lemma eventually_Inf_image_less:
  fixes h :: "'p::topological_space \<Rightarrow> 'y::topological_space \<Rightarrow> real"
  assumes cont: "continuous_on (D \<times> Z) (\<lambda>(p, y). h p y)"
    and Y: "\<forall>q\<in>D. Y q \<subseteq> Z \<and> bdd_below (h q ` Y q)"
    and lhc: "lhc_on D Y" and p: "p \<in> D" "Y p \<noteq> {}"
    and less: "Inf (h p ` Y p) < a"
  shows "\<forall>\<^sub>F q in at p within D. Inf (h q ` Y q) < a"
proof -
  obtain y where y: "y \<in> Y p" "h p y < a"
    using cInf_lessD[OF _ less] p(2) by blast
  have "{y} \<subseteq> Z" "\<forall>y'\<in>{y}. h p y' \<in> {..<a}" using y Y p(1) by auto
  then obtain A C where AC: "open A" "open C" "p \<in> A" "{y} \<subseteq> C"
      and below: "\<forall>q\<in>A \<inter> D. \<forall>z\<in>C \<inter> Z. h q z < a"
    by (rule continuous_on_compact_tube[OF cont p(1) compact_sing _ open_lessThan]) simp
  have "Y p \<inter> C \<noteq> {}" using y(1) AC(4) by blast
  then obtain V where V: "open V" "p \<in> V" "\<forall>q\<in>V \<inter> D. Y q \<inter> C \<noteq> {}"
    using lhc[unfolded lhc_on_def, rule_format, OF p(1) conjI[OF AC(2)]] by blast
  have "Inf (h q ` Y q) < a" if "q \<in> A \<inter> V" "q \<in> D" for q
  proof -
    have "Y q \<inter> C \<noteq> {}" using V(3) that by blast
    then obtain z where z: "z \<in> Y q" "z \<in> C" by (metis IntE ex_in_conv)
    then have "Inf (h q ` Y q) \<le> h q z" using Y that(2) by (auto intro: cInf_lower)
    also have "h q z < a" using below z Y that by blast
    finally show ?thesis .
  qed
  then show ?thesis
    unfolding eventually_at_topological using AC V by (intro exI[of _ "A \<inter> V"]) auto
qed

lemma eventually_less_Inf_image:
  fixes h :: "'p::topological_space \<Rightarrow> 'y::topological_space \<Rightarrow> real"
  assumes cont: "continuous_on (D \<times> Z) (\<lambda>(p, y). h p y)"
    and Y: "\<forall>q\<in>D. Y q \<noteq> {} \<and> Y q \<subseteq> Z"
    and uhc: "uhc_on D Y" and p: "p \<in> D" "compact (Y p)" "bdd_below (h p ` Y p)"
    and less: "a < Inf (h p ` Y p)"
  shows "\<forall>\<^sub>F q in at p within D. a < Inf (h q ` Y q)"
proof -
  obtain b where b: "a < b" "b < Inf (h p ` Y p)" using dense[OF less] by blast
  have "Y p \<subseteq> Z" using Y p(1) by blast
  moreover have "\<forall>y\<in>Y p. h p y \<in> {b<..}"
  proof
    fix y assume "y \<in> Y p"
    with b(2) cInf_lower[OF imageI p(3)] show "h p y \<in> {b<..}" by fastforce
  qed
  ultimately obtain A U where AU: "open A" "open U" "p \<in> A" "Y p \<subseteq> U"
      and above: "\<forall>q\<in>A \<inter> D. \<forall>z\<in>U \<inter> Z. b < h q z"
    by (rule continuous_on_compact_tube[OF cont p(1,2) _ open_greaterThan]) simp
  obtain V where V: "open V" "p \<in> V" "\<forall>q\<in>V \<inter> D. Y q \<subseteq> U"
    using uhc[unfolded uhc_on_def, rule_format, OF p(1) conjI[OF AU(2,4)]] by blast
  have "a < Inf (h q ` Y q)" if q: "q \<in> A \<inter> V" "q \<in> D" for q
  proof -
    have above_b: "b < h q z" if "z \<in> Y q" for z
      using above V(3) Y q that by blast
    have "Y q \<noteq> {}" using Y q(2) by blast
    then have "b \<le> Inf (h q ` Y q)" by (rule cINF_greatest) (use above_b in \<open>simp add: less_imp_le\<close>)
    with b(1) show ?thesis by linarith
  qed
  then show ?thesis
    unfolding eventually_at_topological using AU V by (intro exI[of _ "A \<inter> V"]) auto
qed

(* Berge's maximum theorem, in the form for minima. *)
lemma continuous_on_Inf_image:
  fixes h :: "'p::topological_space \<Rightarrow> 'y::topological_space \<Rightarrow> real"
  assumes cont: "continuous_on (D \<times> Z) (\<lambda>(p, y). h p y)"
    and Y: "\<forall>p\<in>D. Y p \<noteq> {} \<and> compact (Y p) \<and> Y p \<subseteq> Z"
    and uhc: "uhc_on D Y" and lhc: "lhc_on D Y"
  shows "continuous_on D (\<lambda>p. Inf (h p ` Y p))"
proof -
  have bdd: "bdd_below (h p ` Y p)" if p: "p \<in> D" for p
  proof -
    have "continuous_on (Y p) (\<lambda>y. (\<lambda>(p, y). h p y) (p, y))"
      using Y p by (intro continuous_on_compose2[OF cont]) (auto intro!: continuous_intros)
    then have "compact (h p ` Y p)" using Y p by (simp add: compact_continuous_image)
    then show ?thesis by (intro bounded_imp_bdd_below compact_imp_bounded)
  qed
  show ?thesis
    unfolding continuous_on_def
  proof
    fix p assume p: "p \<in> D"
    show "((\<lambda>p. Inf (h p ` Y p)) \<longlongrightarrow> Inf (h p ` Y p)) (at p within D)"
    proof (rule order_tendstoI)
      fix a assume "a < Inf (h p ` Y p)"
      with Y p bdd show "\<forall>\<^sub>F q in at p within D. a < Inf (h q ` Y q)"
        by (intro eventually_less_Inf_image[OF cont _ uhc]) auto
    next
      fix a assume "Inf (h p ` Y p) < a"
      with Y p bdd show "\<forall>\<^sub>F q in at p within D. Inf (h q ` Y q) < a"
        by (intro eventually_Inf_image_less[OF cont _ lhc]) auto
    qed
  qed
qed

lemma concave_on_cong:
  assumes "\<And>x. x \<in> S \<Longrightarrow> f x = g x"
  shows "concave_on S f \<longleftrightarrow> concave_on S g"
proof -
  have "concave_on S g" if "concave_on S f" "\<And>x. x \<in> S \<Longrightarrow> f x = g x" for f g
  proof -
    have S: "convex S" using concave_on_imp_convex[OF that(1)] .
    show ?thesis unfolding concave_on_iff
    proof (intro conjI S ballI allI impI)
      fix x y and u v :: real
      assume xy: "x \<in> S" "y \<in> S" and uv: "0 \<le> u" "0 \<le> v" "u + v = 1"
      have "u *\<^sub>R x + v *\<^sub>R y \<in> S" using convexD[OF S xy uv] .
      with that xy uv show "u * g x + v * g y \<le> g (u *\<^sub>R x + v *\<^sub>R y)"
        unfolding concave_on_iff by (metis (no_types))
    qed
  qed
  with assms show ?thesis by metis
qed

lemma concave_on_INF:
  fixes g :: "'i \<Rightarrow> 'a::real_vector \<Rightarrow> real"
  assumes "A \<noteq> {}" and conc: "\<forall>i\<in>A. concave_on S (g i)"
    and bdd: "\<forall>x\<in>S. bdd_below ((\<lambda>i. g i x) ` A)"
  shows "concave_on S (\<lambda>x. INF i\<in>A. g i x)"
proof -
  have S: "convex S" using assms(1) conc concave_on_imp_convex by blast
  show ?thesis unfolding concave_on_iff
  proof (intro conjI S ballI allI impI)
    fix x y and u v :: real
    assume xy: "x \<in> S" "y \<in> S" and uv: "0 \<le> u" "0 \<le> v" "u + v = 1"
    show "u * (INF i\<in>A. g i x) + v * (INF i\<in>A. g i y)
          \<le> (INF i\<in>A. g i (u *\<^sub>R x + v *\<^sub>R y))"
    proof (rule cINF_greatest[OF assms(1)])
      fix i assume i: "i \<in> A"
      have "u * (INF i\<in>A. g i x) \<le> u * g i x"
        using cINF_lower[OF bdd[rule_format, OF xy(1)] i] uv(1) by (rule mult_left_mono)
      moreover have "v * (INF i\<in>A. g i y) \<le> v * g i y"
        using cINF_lower[OF bdd[rule_format, OF xy(2)] i] uv(2) by (rule mult_left_mono)
      moreover have "u * g i x + v * g i y \<le> g i (u *\<^sub>R x + v *\<^sub>R y)"
        using conc i xy uv unfolding concave_on_iff by blast
      ultimately show "u * (INF i\<in>A. g i x) + v * (INF i\<in>A. g i y) \<le> g i (u *\<^sub>R x + v *\<^sub>R y)"
        by linarith
    qed
  qed
qed

lemma concave_on_LIMSEQ:
  assumes conc: "\<And>k. concave_on S (g k)" and lim: "\<And>x. x \<in> S \<Longrightarrow> (\<lambda>k. g k x) \<longlonglongrightarrow> f x"
  shows "concave_on S f"
proof -
  have S: "convex S" using concave_on_imp_convex[OF conc] .
  show ?thesis unfolding concave_on_iff
  proof (intro conjI S ballI allI impI)
    fix x y and u v :: real
    assume xy: "x \<in> S" "y \<in> S" and uv: "0 \<le> u" "0 \<le> v" "u + v = 1"
    have "u *\<^sub>R x + v *\<^sub>R y \<in> S" using convexD[OF S xy uv] .
    show "u * f x + v * f y \<le> f (u *\<^sub>R x + v *\<^sub>R y)"
    proof (rule LIMSEQ_le)
      show "(\<lambda>k. u * g k x + v * g k y) \<longlonglongrightarrow> u * f x + v * f y"
        using xy by (intro tendsto_intros lim)
      show "(\<lambda>k. g k (u *\<^sub>R x + v *\<^sub>R y)) \<longlonglongrightarrow> f (u *\<^sub>R x + v *\<^sub>R y)"
        using \<open>u *\<^sub>R x + v *\<^sub>R y \<in> S\<close> by (rule lim)
      show "\<exists>N. \<forall>k\<ge>N. u * g k x + v * g k y \<le> g k (u *\<^sub>R x + v *\<^sub>R y)"
        using conc xy uv unfolding concave_on_iff by blast
    qed
  qed
qed

lemma Cb_abs_bounded:
  assumes "f \<in> Cb X Xi"
  obtains K where "\<And>x xi. x \<in> X \<Longrightarrow> xi \<in> Xi \<Longrightarrow> \<bar>f x xi\<bar> \<le> K"
proof -
  obtain K where "\<forall>x\<in>X. \<forall>xi\<in>Xi. \<bar>f x xi\<bar> \<le> K"
    using assms unfolding Cb_def bounded_iff by auto
  then show thesis by (intro that) auto
qed

lemma BM_objective_bounded:
  assumes phi_bdd: "bounded ((\<lambda>(x, y, xi). phi x y xi) ` (X \<times> X \<times> Xi))"
    and f: "f \<in> Cb X Xi" and mu: "mu \<in> Xi"
  obtains K where "\<And>x y xi. x \<in> X \<Longrightarrow> y \<in> X \<Longrightarrow> xi \<in> Xi \<Longrightarrow> \<bar>phi x y xi + beta * f y mu\<bar> \<le> K"
proof -
  obtain Kp where Kp: "\<forall>x\<in>X. \<forall>y\<in>X. \<forall>xi\<in>Xi. \<bar>phi x y xi\<bar> \<le> Kp"
    using phi_bdd by (auto simp: bounded_iff)
  obtain Kf where Kf: "\<And>y xi. y \<in> X \<Longrightarrow> xi \<in> Xi \<Longrightarrow> \<bar>f y xi\<bar> \<le> Kf"
    using Cb_abs_bounded[OF f] by blast
  show thesis
  proof (rule that)
    fix x y xi assume xyxi: "x \<in> X" "y \<in> X" "xi \<in> Xi"
    have "\<bar>phi x y xi + beta * f y mu\<bar> \<le> \<bar>phi x y xi\<bar> + \<bar>beta\<bar> * \<bar>f y mu\<bar>"
      by (metis abs_mult abs_triangle_ineq)
    also have "\<dots> \<le> Kp + \<bar>beta\<bar> * Kf"
      using Kp Kf[OF xyxi(2) mu] xyxi by (intro add_mono mult_left_mono) auto
    finally show "\<bar>phi x y xi + beta * f y mu\<bar> \<le> Kp + \<bar>beta\<bar> * Kf" .
  qed
qed

lemma BM_in_Cb:
  fixes X :: "'a::topological_space set" and Xi :: "'b::topological_space set"
  assumes phi_bdd: "bounded ((\<lambda>(x, y, xi). phi x y xi) ` (X \<times> X \<times> Xi))"
    and phi_cont: "continuous_on (X \<times> X \<times> Xi) (\<lambda>(x, y, xi). phi x y xi)"
    and Y: "\<forall>x\<in>X. \<forall>xi\<in>Xi. Y x xi \<noteq> {} \<and> compact (Y x xi) \<and> Y x xi \<subseteq> X"
    and uhc: "uhc_on (X \<times> Xi) (\<lambda>(x, xi). Y x xi)" and lhc: "lhc_on (X \<times> Xi) (\<lambda>(x, xi). Y x xi)"
    and f: "f \<in> Cb X Xi" and mu: "mu \<in> Xi"
  shows "BM X Xi Y phi beta mu f \<in> Cb X Xi"
proof -
  define h where "h = (\<lambda>(x, xi) y. phi x y xi + beta * f y mu)"
  have "continuous_on ((X \<times> Xi) \<times> X)
      (\<lambda>z. (\<lambda>(x, y, xi). phi x y xi) (fst (fst z), snd z, snd (fst z)) + beta * (\<lambda>(x, xi). f x xi) (snd z, mu))"
  proof (intro continuous_intros)
    show "continuous_on ((X \<times> Xi) \<times> X) (\<lambda>z. (\<lambda>(x, y, xi). phi x y xi) (fst (fst z), snd z, snd (fst z)))"
      by (rule continuous_on_compose2[OF phi_cont]) (auto intro!: continuous_intros)
    have "continuous_on (X \<times> Xi) (\<lambda>(x, xi). f x xi)" using f unfolding Cb_def by blast
    then show "continuous_on ((X \<times> Xi) \<times> X) (\<lambda>z. (\<lambda>(x, xi). f x xi) (snd z, mu))"
      by (rule continuous_on_compose2) (use mu in \<open>auto intro!: continuous_intros\<close>)
  qed
  then have "continuous_on ((X \<times> Xi) \<times> X) (\<lambda>(p, y). h p y)"
    by (rule continuous_on_eq) (auto simp: h_def)
  then have "continuous_on (X \<times> Xi) (\<lambda>p. Inf (h p ` (\<lambda>(x, xi). Y x xi) p))"
    by (rule continuous_on_Inf_image[OF _ _ uhc lhc]) (use Y in auto)
  then have cont: "continuous_on (X \<times> Xi) (\<lambda>(x, xi). BM X Xi Y phi beta mu f x xi)"
    by (rule continuous_on_eq) (auto simp: BM_def h_def)
  obtain K where K: "\<And>x y xi. x \<in> X \<Longrightarrow> y \<in> X \<Longrightarrow> xi \<in> Xi \<Longrightarrow> \<bar>phi x y xi + beta * f y mu\<bar> \<le> K"
    using BM_objective_bounded[OF phi_bdd f mu] by blast
  have "\<bar>BM X Xi Y phi beta mu f x xi\<bar> \<le> K" if x: "x \<in> X" "xi \<in> Xi" for x xi
  proof -
    have "Y x xi \<noteq> {}" "Y x xi \<subseteq> X" using Y x by auto
    then show ?thesis unfolding BM_def using x by (auto intro!: cInf_abs_ge K)
  qed
  then have "bounded ((\<lambda>(x, xi). BM X Xi Y phi beta mu f x xi) ` (X \<times> Xi))"
    unfolding bounded_iff by auto
  with cont show ?thesis unfolding Cb_def by (auto simp: BM_def)
qed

TASK BRIEF →
Copy every line that includes the string "linarith" from the material above.

RESPONSE TO THIS TASK →
    with b(1) show ?thesis by linarith
        by linarith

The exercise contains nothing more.